**About this exercise**. Among the lines of the records, please find those that contain the word "mapsto" and copy them.

↓↓↓

(* For any metric space $(X,d)$, any $p\ge1$, and any $\mu\in\mathcal{P}_{p-1}(X)$, the set $M_p(\mu)\subseteq X$ is closed and bounded.
   Context: $\mathcal{P}_{p-1}(X)$ is the set of Borel probability measures $\mu$ on $(X,d)$ with $\int_X d^{p-1}(x,y)\,d\mu(y)<\infty$ for some (equivalently all) $x\in X$. For such $\mu$, $W_p(\mu,x,x'):=\int_X(d^p(x,y)-d^p(x',y))\,d\mu(y)$ and $M_p(\mu):=\{x\in X: W_p(\mu,x,x')\le0\text{ for all }x'\in X\}$. *)

theory Defs
  imports "HOL-Probability.Probability"
begin

text \<open>The metric space (X,d) is modelled by a type of class metric_space, with d = dist.
  Borel probability measures are measures M with prob_space M and sets M = sets borel.\<close>

definition P_pm1 :: "real \<Rightarrow> ('a::metric_space) measure set" where
  "P_pm1 p = {M. prob_space M \<and> sets M = sets borel \<and>
      (\<exists>x. integrable M (\<lambda>y. dist x y powr (p - 1)))}"

definition W_p :: "real \<Rightarrow> ('a::metric_space) measure \<Rightarrow> 'a \<Rightarrow> 'a \<Rightarrow> real" where
  "W_p p M x x' = (\<integral>y. (dist x y powr p - dist x' y powr p) \<partial>M)"

definition M_p :: "real \<Rightarrow> ('a::metric_space) measure \<Rightarrow> 'a set" where
  "M_p p M = {x. \<forall>x'. W_p p M x x' \<le> 0}"

end

(*
  The tangent-line inequality for t \<mapsto> t^p gives
  |a^p - b^p| \<le> p |a - b| (a^(p-1) + b^(p-1)), so the (p-1)-st moment dominates the
  integrand of W_p(\<mu>, x, x') locally uniformly in x: x \<mapsto> W_p(\<mu>, x, x') is locally
  Lipschitz, and M_p(\<mu>), an intersection of its sublevel sets, is closed.

  For boundedness fix x\<^sub>0 and r such that the tail integral of p d(x\<^sub>0,y)^(p-1) + 1 over
  {d(x\<^sub>0,y) > r} is below 1/2. If R = d(x\<^sub>0,x) is large, every y with d(x\<^sub>0,y) \<le> r
  contributes at least R - r - r^p to W_p(\<mu>, x, x\<^sub>0), while by the tangent inequality the
  loss on the tail is at most R times the tail integrand (the summand 1 pays for the
  missing R - r - r^p there). Hence W_p(\<mu>, x, x\<^sub>0) \<ge> R/2 - r - r^p > 0, so x \<notin> M_p(\<mu>).
*)

theory Submission
  imports Defs
begin

lemma powr_diff_ge_tangent:
  fixes a b p :: real
  assumes "0 \<le> a" "0 \<le> b" "1 \<le> p"
  shows "p * b powr (p - 1) * (a - b) \<le> a powr p - b powr p"
proof (cases "b = 0")
  case True
  then show ?thesis using assms by simp
next
  case False
  then have b: "0 < b" using assms by simp
  show ?thesis
  proof (cases "a = 0")
    case True
    have "b * b powr (p - 1) = b powr p" using b by (simp add: powr_mult_base)
    moreover have "1 * b powr p \<le> p * b powr p" using assms by (intro mult_right_mono) auto
    ultimately show ?thesis using True by (simp add: algebra_simps)
  next
    case False
    then show ?thesis using assms b
      by (intro convex_on_imp_above_tangent[where A = "{0<..}"] powr_convex)
        (auto intro!: derivative_eq_intros simp: interior_open)
  qed
qed

lemma abs_powr_diff_le:
  fixes a b p :: real
  assumes "0 \<le> a" "0 \<le> b" "1 \<le> p"
  shows "\<bar>a powr p - b powr p\<bar> \<le> p * \<bar>a - b\<bar> * (a powr (p - 1) + b powr (p - 1))"
proof -
  have two_sided: "\<bar>D\<bar> \<le> \<bar>s\<bar> * (A + B)"
    if "B * s \<le> D" "D \<le> A * s" "0 \<le> A" "0 \<le> B" for D s A B :: real
    using that by (smt (verit) mult_nonneg_nonneg mult_nonpos_nonneg distrib_left mult.commute)
  have "p * b powr (p - 1) * (a - b) \<le> a powr p - b powr p"
    and "p * a powr (p - 1) * (b - a) \<le> b powr p - a powr p"
    using assms by (auto intro: powr_diff_ge_tangent)
  then have "\<bar>a powr p - b powr p\<bar> \<le> \<bar>a - b\<bar> * (p * a powr (p - 1) + p * b powr (p - 1))"
    using assms by (intro two_sided) (auto simp: algebra_simps)
  then show ?thesis by (simp add: algebra_simps)
qed

lemma powr_add_le_two_powr:
  fixes u v q :: real
  assumes "0 \<le> u" "0 \<le> v" "0 \<le> q"
  shows "(u + v) powr q \<le> 2 powr q * (u powr q + v powr q)"
proof -
  have "(u + v) powr q \<le> (2 * max u v) powr q" using assms by (intro powr_mono2) auto
  also have "\<dots> = 2 powr q * max u v powr q" using assms by (simp add: powr_mult)
  also have "\<dots> \<le> 2 powr q * (u powr q + v powr q)" by (simp add: max_def)
  finally show ?thesis .
qed

lemma abs_dist_powr_diff_le:
  fixes x x' y :: "'a::metric_space" and p :: real
  assumes "1 \<le> p"
  shows "\<bar>dist x y powr p - dist x' y powr p\<bar>
    \<le> p * dist x x' * (dist x y powr (p - 1) + dist x' y powr (p - 1))"
proof -
  have "\<bar>dist x y powr p - dist x' y powr p\<bar>
      \<le> p * \<bar>dist x y - dist x' y\<bar> * (dist x y powr (p - 1) + dist x' y powr (p - 1))"
    using assms by (intro abs_powr_diff_le) auto
  also have "\<dots> \<le> p * dist x x' * (dist x y powr (p - 1) + dist x' y powr (p - 1))"
    using assms abs_dist_diff_le[of x y x']
    by (intro mult_right_mono mult_left_mono) (auto simp: dist_commute)
  finally show ?thesis .
qed

lemma dist_powr_diff_ge_tail_bound:
  fixes x x\<^sub>0 y :: "'a::metric_space" and p r :: real
  assumes "1 \<le> p" "0 \<le> r" "r + 1 \<le> dist x\<^sub>0 x"
  shows "dist x\<^sub>0 x - (r + r powr p)
      - dist x\<^sub>0 x * ((p * dist x\<^sub>0 y powr (p - 1) + 1) * indicator {y. r < dist x\<^sub>0 y} y)
    \<le> dist x y powr p - dist x\<^sub>0 y powr p"
proof (cases "r < dist x\<^sub>0 y")
  case False
  have "dist x\<^sub>0 x - r \<le> dist x y"
    using False dist_triangle[of x\<^sub>0 x y] by (simp add: dist_commute)
  moreover have "dist x y powr 1 \<le> dist x y powr p"
    using calculation assms by (intro powr_mono) auto
  moreover have "dist x\<^sub>0 y powr p \<le> r powr p"
    using False assms by (intro powr_mono2) auto
  ultimately show ?thesis using False by simp
next
  case True
  have "- dist x\<^sub>0 x \<le> dist x y - dist x\<^sub>0 y"
    using dist_triangle[of x\<^sub>0 y x] by (simp add: dist_commute)
  then have "p * dist x\<^sub>0 y powr (p - 1) * (- dist x\<^sub>0 x)
      \<le> p * dist x\<^sub>0 y powr (p - 1) * (dist x y - dist x\<^sub>0 y)"
    using assms by (intro mult_left_mono) auto
  also have "\<dots> \<le> dist x y powr p - dist x\<^sub>0 y powr p"
    using assms by (intro powr_diff_ge_tangent) auto
  finally show ?thesis
    using True assms by (simp add: algebra_simps add_increasing)
qed

lemma tendsto_integral_tail:
  fixes g h :: "'a \<Rightarrow> real"
  assumes "integrable M g" "h \<in> borel_measurable M"
  shows "(\<lambda>n. \<integral>y. g y * indicator {y. real n < h y} y \<partial>M) \<longlonglongrightarrow> 0"
proof -
  have "(\<lambda>n. \<integral>y. g y * indicator {y. real n < h y} y \<partial>M) \<longlonglongrightarrow> (\<integral>y. 0 \<partial>M)"
  proof (rule integral_dominated_convergence[where w = "\<lambda>y. \<bar>g y\<bar>"])
    show "AE y in M. (\<lambda>n. g y * indicator {y. real n < h y} y) \<longlonglongrightarrow> 0"
    proof (intro AE_I2 tendsto_eventually eventually_sequentiallyI)
      fix y n
      assume "nat \<lceil>h y\<rceil> \<le> n"
      then have "h y \<le> real n" by linarith
      then show "g y * indicator {y. real n < h y} y = 0" by simp
    qed
  qed (use assms in \<open>auto simp: indicator_def\<close>)
  then show ?thesis by simp
qed

locale moment_prob_space = prob_space M
  for M :: "'a::metric_space measure" and p :: real +
  assumes sets_eq_borel: "sets M = sets borel"
    and one_le_p: "1 \<le> p"
    and integrable_moment: "\<exists>x. integrable M (\<lambda>y. dist x y powr (p - 1))"
begin

lemma borel_measurable_of_borel: "f \<in> borel_measurable M" if "f \<in> borel_measurable borel"
  using that measurable_cong_sets[OF sets_eq_borel refl] by blast

lemma borel_measurable_shifted_dist_powr: "(\<lambda>y. (c + dist x y) powr r) \<in> borel_measurable M"
  by (intro borel_measurable_of_borel powr_real_measurable borel_measurable_continuous_onI
      continuous_intros)

lemma integrable_shifted_moment:
  assumes "0 \<le> c"
  shows "integrable M (\<lambda>y. (c + dist x y) powr (p - 1))"
proof -
  obtain x\<^sub>0 where x\<^sub>0: "integrable M (\<lambda>y. dist x\<^sub>0 y powr (p - 1))"
    using integrable_moment by blast
  let ?q = "p - 1" and ?c' = "c + dist x x\<^sub>0"
  show ?thesis
  proof (rule Bochner_Integration.integrable_bound)
    show "integrable M (\<lambda>y. 2 powr ?q * (?c' powr ?q + dist x\<^sub>0 y powr ?q))"
      using x\<^sub>0 by (intro integrable_mult_right integrable_add) auto
    have "(c + dist x y) powr ?q \<le> 2 powr ?q * (?c' powr ?q + dist x\<^sub>0 y powr ?q)" for y
    proof -
      have "(c + dist x y) powr ?q \<le> (?c' + dist x\<^sub>0 y) powr ?q"
        using one_le_p assms dist_triangle[of x y x\<^sub>0] by (intro powr_mono2) auto
      also have "\<dots> \<le> 2 powr ?q * (?c' powr ?q + dist x\<^sub>0 y powr ?q)"
        using one_le_p assms by (intro powr_add_le_two_powr) auto
      finally show ?thesis .
    qed
    then show "AE y in M. norm ((c + dist x y) powr ?q)
        \<le> norm (2 powr ?q * (?c' powr ?q + dist x\<^sub>0 y powr ?q))"
      by (intro AE_I2) auto
  qed (rule borel_measurable_shifted_dist_powr)
qed

lemma integrable_moment_at: "integrable M (\<lambda>y. dist x y powr (p - 1))"
  using integrable_shifted_moment[of 0 x] by simp

lemma integrable_dist_powr_diff: "integrable M (\<lambda>y. dist x y powr p - dist x' y powr p)"
proof (rule Bochner_Integration.integrable_bound)
  show "integrable M (\<lambda>y. p * dist x x' * (dist x y powr (p - 1) + dist x' y powr (p - 1)))"
    by (auto intro!: integrable_moment_at)
  show "(\<lambda>y. dist x y powr p - dist x' y powr p) \<in> borel_measurable M"
    using borel_measurable_shifted_dist_powr[of 0] by simp
  show "AE y in M. norm (dist x y powr p - dist x' y powr p)
      \<le> norm (p * dist x x' * (dist x y powr (p - 1) + dist x' y powr (p - 1)))"
    using one_le_p abs_dist_powr_diff_le[OF one_le_p] by (intro AE_I2) auto
qed

lemma W_p_split: "W_p p M x x' = W_p p M x z - W_p p M x' z"
  unfolding W_p_def
  by (subst Bochner_Integration.integral_diff[symmetric]) (auto intro: integrable_dist_powr_diff)

lemma lipschitz_on_W_p:
  "(\<integral>y. 2 * p * (1 + dist x y) powr (p - 1) \<partial>M)-lipschitz_on (cball x 1) (\<lambda>z. W_p p M z x')"
proof (rule lipschitz_onI)
  let ?K = "\<lambda>y. 2 * p * (1 + dist x y) powr (p - 1)"
  show "0 \<le> integral\<^sup>L M ?K"
    using one_le_p by (intro integral_nonneg_AE) auto
  fix z z' assume z: "z \<in> cball x 1" and z': "z' \<in> cball x 1"
  have near: "dist w y powr (p - 1) \<le> (1 + dist x y) powr (p - 1)" if "w \<in> cball x 1" for w y
    using one_le_p that dist_triangle[of w y x] by (intro powr_mono2) (auto simp: dist_commute)
  have pointwise: "\<bar>dist z y powr p - dist z' y powr p\<bar> \<le> dist z z' * ?K y" for y
  proof -
    have "\<bar>dist z y powr p - dist z' y powr p\<bar>
        \<le> p * dist z z' * (dist z y powr (p - 1) + dist z' y powr (p - 1))"
      by (rule abs_dist_powr_diff_le[OF one_le_p])
    also have "\<dots> \<le> p * dist z z' * (2 * (1 + dist x y) powr (p - 1))"
      using one_le_p near[OF z, of y] near[OF z', of y] by (intro mult_left_mono) auto
    finally show ?thesis by (simp add: algebra_simps)
  qed
  have "dist (W_p p M z x') (W_p p M z' x') = \<bar>W_p p M z z'\<bar>"
    using W_p_split[of z z' x'] by (simp add: dist_real_def)
  also have "\<dots> \<le> (\<integral>y. \<bar>dist z y powr p - dist z' y powr p\<bar> \<partial>M)"
    unfolding W_p_def by (rule integral_abs_bound)
  also have "\<dots> \<le> (\<integral>y. dist z z' * ?K y \<partial>M)"
    using pointwise one_le_p
    by (intro integral_mono' integrable_mult_right integrable_shifted_moment) auto
  finally show "dist (W_p p M z x') (W_p p M z' x') \<le> integral\<^sup>L M ?K * dist z z'"
    by (simp add: mult.commute)
qed

lemma continuous_on_W_p: "continuous_on UNIV (\<lambda>x. W_p p M x x')"
proof (intro continuous_at_imp_continuous_on ballI)
  fix x
  have "continuous_on (cball x 1) (\<lambda>z. W_p p M z x')"
    by (rule lipschitz_on_continuous_on[OF lipschitz_on_W_p])
  then show "isCont (\<lambda>z. W_p p M z x') x"
    by (rule continuous_on_interior) (auto simp: mem_interior_cball intro!: exI[of _ 1])
qed

lemma closed_M_p: "closed (M_p p M)"
  unfolding M_p_def Collect_all_eq
  by (intro closed_INT ballI closed_Collect_le continuous_on_W_p continuous_on_const)

lemma W_p_ge_tail_bound:
  assumes "0 \<le> r" "r + 1 \<le> dist x\<^sub>0 x"
  shows "dist x\<^sub>0 x - (r + r powr p)
      - dist x\<^sub>0 x * (\<integral>y. (p * dist x\<^sub>0 y powr (p - 1) + 1) * indicator {y. r < dist x\<^sub>0 y} y \<partial>M)
    \<le> W_p p M x x\<^sub>0"
proof -
  let ?tail = "\<lambda>y. (p * dist x\<^sub>0 y powr (p - 1) + 1) * indicator {y. r < dist x\<^sub>0 y} y"
  have "{y. r < dist x\<^sub>0 y} \<in> sets M"
    unfolding sets_eq_borel by (intro borel_open open_Collect_less continuous_intros)
  then have "integrable M ?tail"
    by (auto intro!: integrable_real_mult_indicator integrable_moment_at)
  then have "dist x\<^sub>0 x - (r + r powr p) - dist x\<^sub>0 x * integral\<^sup>L M ?tail
      = (\<integral>y. dist x\<^sub>0 x - (r + r powr p) - dist x\<^sub>0 x * ?tail y \<partial>M)"
    by (simp add: prob_space)
  also have "\<dots> \<le> W_p p M x x\<^sub>0"
    unfolding W_p_def using \<open>integrable M ?tail\<close> assms one_le_p
    by (intro integral_mono integrable_dist_powr_diff dist_powr_diff_ge_tail_bound) auto
  finally show ?thesis .
qed

lemma bounded_M_p: "bounded (M_p p M)"
proof -
  fix x\<^sub>0 :: 'a
  let ?tail = "\<lambda>n. \<integral>y. (p * dist x\<^sub>0 y powr (p - 1) + 1) * indicator {y. real n < dist x\<^sub>0 y} y \<partial>M"
  have "?tail \<longlonglongrightarrow> 0"
    by (intro tendsto_integral_tail borel_measurable_of_borel borel_measurable_continuous_onI
        continuous_intros) (auto intro!: integrable_moment_at)
  then have "\<forall>\<^sub>F n in sequentially. ?tail n < 1 / 2"
    by (rule order_tendstoD) simp
  then obtain n where tail: "?tail n < 1 / 2"
    by (auto simp: eventually_sequentially)
  let ?B = "max (real n + 1) (2 * (real n + real n powr p))"
  have "dist x\<^sub>0 x \<le> ?B" if "x \<in> M_p p M" for x
  proof (rule ccontr)
    assume "\<not> dist x\<^sub>0 x \<le> ?B"
    then have far: "real n + 1 \<le> dist x\<^sub>0 x" "2 * (real n + real n powr p) < dist x\<^sub>0 x"
      by auto
    have "dist x\<^sub>0 x * ?tail n \<le> dist x\<^sub>0 x * (1 / 2)"
      using tail by (intro mult_left_mono) auto
    moreover have "W_p p M x x\<^sub>0 \<le> 0"
      using that unfolding M_p_def by auto
    ultimately show False
      using W_p_ge_tail_bound[OF of_nat_0_le_iff far(1)] far(2) by argo
  qed
  then show ?thesis
    unfolding bounded_def by blast
qed

end

theorem corollary3p7:
  fixes M :: "('a::metric_space) measure" and p :: real
  assumes "p \<ge> 1" and "M \<in> P_pm1 p"
  shows "closed (M_p p M) \<and> bounded (M_p p M)"
proof -
  interpret moment_prob_space M p
    using assms unfolding P_pm1_def moment_prob_space_def moment_prob_space_axioms_def by auto
  show ?thesis
    using closed_M_p bounded_M_p by simp
qed

end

↑↑↑

**Answer box**.
  The tangent-line inequality for t \<mapsto> t^p gives
  integrand of W_p(\<mu>, x, x') locally uniformly in x: x \<mapsto> W_p(\<mu>, x, x') is locally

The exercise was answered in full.